Key risk factors contributing to construction delays

The construction industry is an ecosystem with processes and stakeholders that must smoothly interact to achieve project success. Within this context, delays, whether minor or significant, can have high effects on project timelines, financial outcomes and stakeholder satisfaction. The survey data selected in this study were investigated using the traditional technique, and the results, given in Figure A1 in Appendix and Figure 4, are investigated as follows.

Fig. 4:

Average scores of the effects of each risk variable on the delay of construction projects.

Financial aspects and budgetary concerns

The survey results show an average score of 4.81 for delays in budget approval, as shown in Figure 4. This is a reminder of the bureaucratic challenges many projects face. Approval processes, especially involving multiple checkpoints, can be slow. This is not in waiting for funds to be allocated; the entire construction process can stop during this period. Similarly, the delay in payment processes, 4.69, as depicted in Figure 4, underscores the financial interdependencies in construction projects. A single missed or delayed payment can ripple down the chain, affecting suppliers, labourers, and subcontractors and ultimately stalling the project.

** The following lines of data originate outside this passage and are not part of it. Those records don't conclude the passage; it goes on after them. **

lemma card_frac_digit_fibre:
  fixes M :: "'a::{field,finite} fls"
  assumes surj: "\<And>w. \<exists>r\<in>polys_deg_less m. \<forall>i\<in>{1..u}. frac_digit M r i = w i"
  shows "card {\<rho>\<in>polys_deg_less m. \<forall>i\<in>{1..u}. frac_digit M \<rho> i = w i} * CARD('a) ^ u = CARD('a) ^ m"
proof -
  define fibre where "fibre w = {\<rho>\<in>polys_deg_less m. \<forall>i\<in>{1..u}. frac_digit M \<rho> i = w i}" for w
  have card_fibre: "card (fibre w) = card (fibre (\<lambda>_. 0))" for w
    using surj[of w] card_frac_digit_fibre_eq[of _ m u M w] by (auto simp: fibre_def)
  define W where "W = (\<Pi>\<^sub>E i\<in>{1..u}. (UNIV :: 'a set))"
  have "polys_deg_less m = (\<Union>w\<in>W. fibre w)"
  proof
    show "polys_deg_less m \<subseteq> (\<Union>w\<in>W. fibre w)"
    proof
      fix \<rho> :: "'a poly" assume "\<rho> \<in> polys_deg_less m"
      then have "\<rho> \<in> fibre (restrict (frac_digit M \<rho>) {1..u})" by (simp add: fibre_def)
      then show "\<rho> \<in> (\<Union>w\<in>W. fibre w)" by (auto simp: W_def)
    qed
  qed (auto simp: fibre_def)
  then have "card (polys_deg_less m :: 'a poly set) = (\<Sum>w\<in>W. card (fibre w))"
  proof (simp only:, intro card_UN_disjoint ballI impI)
    show "finite W" by (simp add: W_def finite_PiE)
    show "finite (fibre w)" for w
      using finite_polys_deg_less by (rule finite_subset[rotated]) (auto simp: fibre_def)
    show "fibre w1 \<inter> fibre w2 = {}" if "w1 \<in> W" "w2 \<in> W" "w1 \<noteq> w2" for w1 w2
    proof -
      have "\<not> (\<forall>i\<in>{1..u}. w1 i = w2 i)"
        using that PiE_ext[of w1 "{1..u}" "\<lambda>_. UNIV" w2] by (auto simp: W_def)
      then obtain i where "i \<in> {1..u}" "w1 i \<noteq> w2 i" by blast
      then show ?thesis by (auto simp: fibre_def)
    qed
  qed
  also have "\<dots> = (\<Sum>w\<in>W. card (fibre (\<lambda>_. 0)))"
    by (rule sum.cong[OF refl card_fibre])
  also have "\<dots> = CARD('a) ^ u * card (fibre (\<lambda>_. 0))"
    by (simp add: W_def card_PiE)
  finally have "CARD('a) ^ m = CARD('a) ^ u * card (fibre (\<lambda>_. 0))"
    by (simp only: card_polys_deg_less)
  then show ?thesis
    unfolding fibre_def[symmetric] card_fibre[of w] by (simp only: mult.commute)
qed
lemma dss_upper_leaning_iff:
  assumes steps: "step c ` {s..<t} \<subseteq> unit_steps"
    and inj: "inj_on c {s..t}"
    and cop: "coprime a b"
    and line: "c ` {s..t} \<subseteq> std_line a b \<mu>"
    and pq: "s \<le> p" "p < q" "q \<le> t" "remainder a b (c p) = \<mu>" "remainder a b (c q) = \<mu>"
    and k: "s \<le> k" "k \<le> t"
  shows "remainder a b (c k) = \<mu> \<longleftrightarrow> (\<bar>a\<bar> + \<bar>b\<bar>) dvd (k - p)"
proof (cases "\<bar>a\<bar> + \<bar>b\<bar> \<ge> 2")
  case True
  obtain g h where "step c ` {s..<t} \<subseteq> {g, h}" "remainder a b g - remainder a b h = \<bar>a\<bar> + \<bar>b\<bar>"
    "coprime (remainder a b g) (\<bar>a\<bar> + \<bar>b\<bar>)"
    by (rule dss_two_steps[OF steps inj cop line pq True])
  from two_step_upper_leaning_iff[OF this line pq(1) _ pq(4) k] pq(2,3) show ?thesis by simp
next
  case False
  then have "\<bar>a\<bar> + \<bar>b\<bar> = 1" using cop by (cases "a = 0") auto
  moreover have "c k \<in> std_line a b \<mu>" using line k by (simp add: image_subset_iff)
  ultimately show ?thesis by (simp add: mem_std_line_iff)
qed

lemma dss_first_step_in_two_steps:
  assumes steps: "step c ` {i..<j} \<subseteq> unit_steps"
    and inj: "inj_on c {i..j}"
    and line: "c ` {i..j} \<subseteq> std_line a b \<mu>"
    and perp: "perp_steps g h"
    and gh: "g \<in> step c ` {i<..<j}" "h \<in> step c ` {i<..<j}"
  shows "step c i \<in> {g, h}"
proof -
  obtain kg kh where kg: "i < kg" "kg < j" "step c kg = g" and kh: "i < kh" "kh < j" "step c kh = h"
    using gh by auto
  have "step c i \<in> {g, h, - g, - h}"
    using perp_steps_cover[OF perp] steps_subsetD[OF steps, of i] kg by simp
  moreover have "step c i \<noteq> - g" "step c i \<noteq> - h"
    using dss_no_opposite_steps[OF steps inj line, of i kg] dss_no_opposite_steps[OF steps inj line, of i kh]
      kg kh by (auto simp: minus_equation_iff)
  ultimately show ?thesis by blast
qed

lemma perp_same_sign_steps_not_in_line:
  assumes steps: "step c ` {x..<y} \<subseteq> {g, h}" and perp: "perp_steps g h"
    and same_sign: "0 < remainder a b g * remainder a b h"
    and kl: "x \<le> k" "k < l" "l < y" "step c k = g" "step c l = h"
    and line: "c ` {x..y} \<subseteq> std_line a b \<mu>"
  shows False
proof -
  have width: "\<bar>remainder a b g\<bar> + \<bar>remainder a b h\<bar> = \<bar>a\<bar> + \<bar>b\<bar>" for a b
    using perp_steps_remainder_abs[OF perp, of a b] by auto
  have pos_case: False
    if pos: "0 < remainder a b g" "0 < remainder a b h" and line: "c ` {x..y} \<subseteq> std_line a b \<mu>"
    for a b \<mu>
  proof -
    have "0 \<le> remainder a b (step c i)" if "x \<le> i" "i < y" for i
      using steps_subsetD[OF steps that] pos by auto
    then have "remainder a b (c x) \<le> remainder a b (c k)"
      "remainder a b (c (k + 1)) \<le> remainder a b (c l)"
      "remainder a b (c (l + 1)) \<le> remainder a b (c y)"
      using kl by (auto intro!: remainder_mono_steps)
    moreover have "remainder a b (c (k + 1)) = remainder a b (c k) + remainder a b g"
      "remainder a b (c (l + 1)) = remainder a b (c l) + remainder a b h"
      using kl remainder_succ[of a b c] by simp_all
    moreover have "c x \<in> std_line a b \<mu>" "c y \<in> std_line a b \<mu>"
      using line kl by (simp_all add: image_subset_iff)
    ultimately show False
      using width[of a b] pos by (simp add: mem_std_line_iff)
  qed
  show False
  proof (cases "0 < remainder a b g")
    case True
    then show False using pos_case[OF True _ line] same_sign zero_less_mult_pos by blast
  next
    case False
    then have "0 < remainder (- a) (- b) g" "0 < remainder (- a) (- b) h"
      using same_sign by (auto simp: zero_less_mult_iff)
    then show False using pos_case line std_line_uminus by metis
  qed
qed

section \<open>Extending a segment by one point in front\<close>

lemma two_step_increment_gap_same_sign:
  assumes steps: "step c ` {m..<u} \<subseteq> {g, h}" and perp: "perp_steps g h"
    and w: "remainder a b g - remainder a b h = w" "0 < w"
    and ivl: "m \<le> r" "r \<le> u" "m \<le> x" "x \<le> u" "r - m = u - x"
    and gap: "(remainder a b (c r) - remainder a b (c m)) - (remainder a b (c u) - remainder a b (c x)) = 2 * w"
    and other: "c ` {m..u} \<subseteq> std_line a' b' \<mu>'"
  shows "0 < remainder a' b' g * remainder a' b' h"
proof -
  define G K where "G = remainder a' b' g - remainder a' b' h"
    and "K = remainder a b g * remainder a' b' h - remainder a b h * remainder a' b' g"
  define d1 d2 where "d1 = remainder a b (c r) - remainder a b (c m)"
    and "d2 = remainder a b (c u) - remainder a b (c x)"
  define e1 e2 where "e1 = remainder a' b' (c r) - remainder a' b' (c m)"
    and "e2 = remainder a' b' (c u) - remainder a' b' (c x)"
  have "step c ` {m..<r} \<subseteq> {g, h}"
    by (rule subset_trans[OF image_mono steps]) (use ivl in auto)
  moreover have "step c ` {x..<u} \<subseteq> {g, h}"
    by (rule subset_trans[OF image_mono steps]) (use ivl in auto)
  ultimately have "w * e1 - G * d1 = (r - m) * K" "w * e2 - G * d2 = (r - m) * K"
    using two_step_remainder_identity[of c m r g h a b a' b']
      two_step_remainder_identity[of c x u g h a b a' b'] ivl w
    by (simp_all add: G_def K_def d1_def d2_def e1_def e2_def)
  then have "w * (e1 - e2) = G * (d1 - d2)" by (simp add: algebra_simps)
  also have "\<dots> = w * (2 * G)" using gap by (simp add: d1_def d2_def)
  finally have "w * (e1 - e2) = w * (2 * G)" .
  then have "e1 - e2 = 2 * G" using w by simp
  have e_bounds: "\<bar>e1\<bar> < \<bar>a'\<bar> + \<bar>b'\<bar>" "\<bar>e2\<bar> < \<bar>a'\<bar> + \<bar>b'\<bar>"
    using std_line_remainder_bounds[OF other, of m] std_line_remainder_bounds[OF other, of r]
      std_line_remainder_bounds[OF other, of x] std_line_remainder_bounds[OF other, of u] ivl
    by (simp_all add: e1_def e2_def abs_less_iff)
  show ?thesis
  proof (rule ccontr)
    assume "\<not> 0 < remainder a' b' g * remainder a' b' h"
    then have "\<bar>G\<bar> = \<bar>remainder a' b' g\<bar> + \<bar>remainder a' b' h\<bar>"
      by (auto simp: G_def mult_le_0_iff not_less)
    also have "\<dots> = \<bar>a'\<bar> + \<bar>b'\<bar>"
      using perp_steps_remainder_abs[OF perp, of a' b'] by auto
    finally have "\<bar>e1 - e2\<bar> = 2 * (\<bar>a'\<bar> + \<bar>b'\<bar>)" using \<open>e1 - e2 = 2 * G\<close> by simp
    then show False using e_bounds abs_triangle_ineq4[of e1 e2] by (smt (verit))
  qed
qed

Design and planning hurdles

The survey results reveal that errors in this phase are common, with a score of 4.63. Such missteps can have a domino effect, necessitating multiple modifications and revisions. Furthermore, changes introduced due to inputs from other agencies, 4.60, point to the challenges of integrating diverse visions into a cohesive plan.

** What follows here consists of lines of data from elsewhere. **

(* Let $E$ be a Dedekind complete Riesz space with weak order unit $e$, let $T$ be a conditional expectation operator on $E$ with $Te=e$, and assume $E$ is $T$-universally complete ($E=L^1(T)$). Let $U$ and $V$ be conditional expectation operators on $E$ compatible with $T$. Then for every $f\in R(V)\cap L^\infty(T)$, $$\|Uf-Tf\|_{T,1}\le 4\,\alpha_T(U,V)\,\|f\|_{T,\infty}.$$
   Context: A conditional expectation operator on a Dedekind complete Riesz space $E$ with weak order unit is a positive, order continuous, linear projection $T:E\to E$ whose range $R(T)$ is a Dedekind complete Riesz subspace of $E$ and such that $Te$ is a weak order unit of $E$ for every weak order unit $e$ of $E$. $E^u$ denotes the universal completion of $E$. $E$ is $T$-universally complete if for every upwards directed net $(f_\alpha)$ in $E_+$ with $(Tf_\alpha)$ order bounded in $E^u$, the net $(f_\alpha)$ is order convergent in $E$; then $L^1(T):=E$. Products are taken in the $f$-algebra $E^u$ with multiplicative unit $e$. $L^\infty(T):=\{f\in L^1(T): |f|\le g\text{ for some } g\in R(T)_+\}$, $\|f\|_{T,1}:=T|f|$, $\|f\|_{T,\infty}:=\inf\{g\in R(T)_+:|f|\le g\}$. A conditional expectation operator $U$ on $E$ is compatible with $T$ if $TU=T=UT$; $\mathcal{B}(U)$ is the set of band projections $P$ on $E$ with $Pe\in R(U)$. $\alpha_T(U,V):=\sup\{|TPQe-TPe\cdot TQe| : P\in\mathcal{B}(U),\ Q\in\mathcal{B}(V)\}$ (supremum in the order of $E$). *)

theory Defs
  imports Main "HOL-Library.Lattice_Algebras"
begin

(* In the theorem it will additionally be conditionally complete (= Dedekind complete),
   laterally complete, and carry an f-algebra multiplication m with unit e:
   'a plays the role of the universal completion E^u, and E is a subset of 'a. *)

definition vabs :: "'a::lattice_ab_group_add \<Rightarrow> 'a" where
  "vabs x = sup x (- x)"

definition vdisj :: "'a::lattice_ab_group_add \<Rightarrow> 'a \<Rightarrow> bool" where
  "vdisj x y \<longleftrightarrow> inf (vabs x) (vabs y) = 0"

definition riesz_subspace :: "'a::{ordered_real_vector,lattice_ab_group_add} set \<Rightarrow> bool" where
  "riesz_subspace A \<longleftrightarrow> 0 \<in> A \<and> (\<forall>x\<in>A. \<forall>y\<in>A. x + y \<in> A) \<and>
     (\<forall>c::real. \<forall>x\<in>A. c *\<^sub>R x \<in> A) \<and> (\<forall>x\<in>A. \<forall>y\<in>A. sup x y \<in> A)"

definition is_lub_in :: "'a::order set \<Rightarrow> 'a set \<Rightarrow> 'a \<Rightarrow> bool" where
  "is_lub_in A S s \<longleftrightarrow> s \<in> A \<and> (\<forall>x\<in>S. x \<le> s) \<and> (\<forall>b\<in>A. (\<forall>x\<in>S. x \<le> b) \<longrightarrow> s \<le> b)"

definition is_glb_in :: "'a::order set \<Rightarrow> 'a set \<Rightarrow> 'a \<Rightarrow> bool" where
  "is_glb_in A S s \<longleftrightarrow> s \<in> A \<and> (\<forall>x\<in>S. s \<le> x) \<and> (\<forall>b\<in>A. (\<forall>x\<in>S. b \<le> x) \<longrightarrow> b \<le> s)"

definition sup_in :: "'a::order set \<Rightarrow> 'a set \<Rightarrow> 'a" where
  "sup_in A S = (THE s. is_lub_in A S s)"

definition inf_in :: "'a::order set \<Rightarrow> 'a set \<Rightarrow> 'a" where
  "inf_in A S = (THE s. is_glb_in A S s)"

definition dedekind_complete_in :: "'a::order set \<Rightarrow> bool" where
  "dedekind_complete_in A \<longleftrightarrow>
     (\<forall>S. S \<subseteq> A \<and> S \<noteq> {} \<and> (\<exists>b\<in>A. \<forall>x\<in>S. x \<le> b) \<longrightarrow> (\<exists>s. is_lub_in A S s))"

definition up_directed :: "'a::order set \<Rightarrow> bool" where
  "up_directed D \<longleftrightarrow> (\<forall>x\<in>D. \<forall>y\<in>D. \<exists>z\<in>D. x \<le> z \<and> y \<le> z)"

Operational challenges and equipment reliability

On the operational front, two significant concerns emerge: equipment breakdowns and high operational costs, scoring 4.66. The former causes an immediate disruption, halting specific tasks and potentially derailing the project timeline. Conversely, the latter poses a more systemic challenge, often prompting project managers to revisit and potentially revise their strategies.

Influence of external entities

The influence of external stakeholders is undeniable. Rejections from mass organisations, with a score of 4.68, can be particularly daunting. Such entities can wield considerable power, and their opposition can introduce unexpected delays.

Labour and personnel concerns

The survey also explores aspects that, while not top concerns, still hold significant implications. Labour issues, for instance, emerge as a recurring theme. The human element remains pivotal, from labour shortages and fatigue to integrating new workers. Communication, or the lack thereof, also surfaces as a concern. Whether the project manager’s interactions with the owner or within the team, the scores of 3.96 and 3.87 highlight the importance of clear, consistent communication.

External pressures and media influence

The least influential factor, as perceived by respondents, relates to external news and media reports. Scoring 3.44 suggests that while external perceptions matter, they do not significantly disrupt the on-ground progress of construction projects.

The survey’s findings serve as a roadmap for stakeholders in the construction industry, pointing them towards areas that need attention. While financial and design issues top the list, it is evident that an approach encompassing operational efficiency, stakeholder management and effective communication is the key to mitigating delays. Thus, in construction, where unpredictability is often the norm, proactive planning and adaptive management can distinguish between a project’s success and its descent into a quagmire of delays.

Unsupervised machine learning-based key risk factors assessment

The advent of unsupervised machine learning, especially K-means clustering, has improved the management of risk factors leading to construction delays in various projects. This study aims to enhance the understanding of these risk factors through data analysis.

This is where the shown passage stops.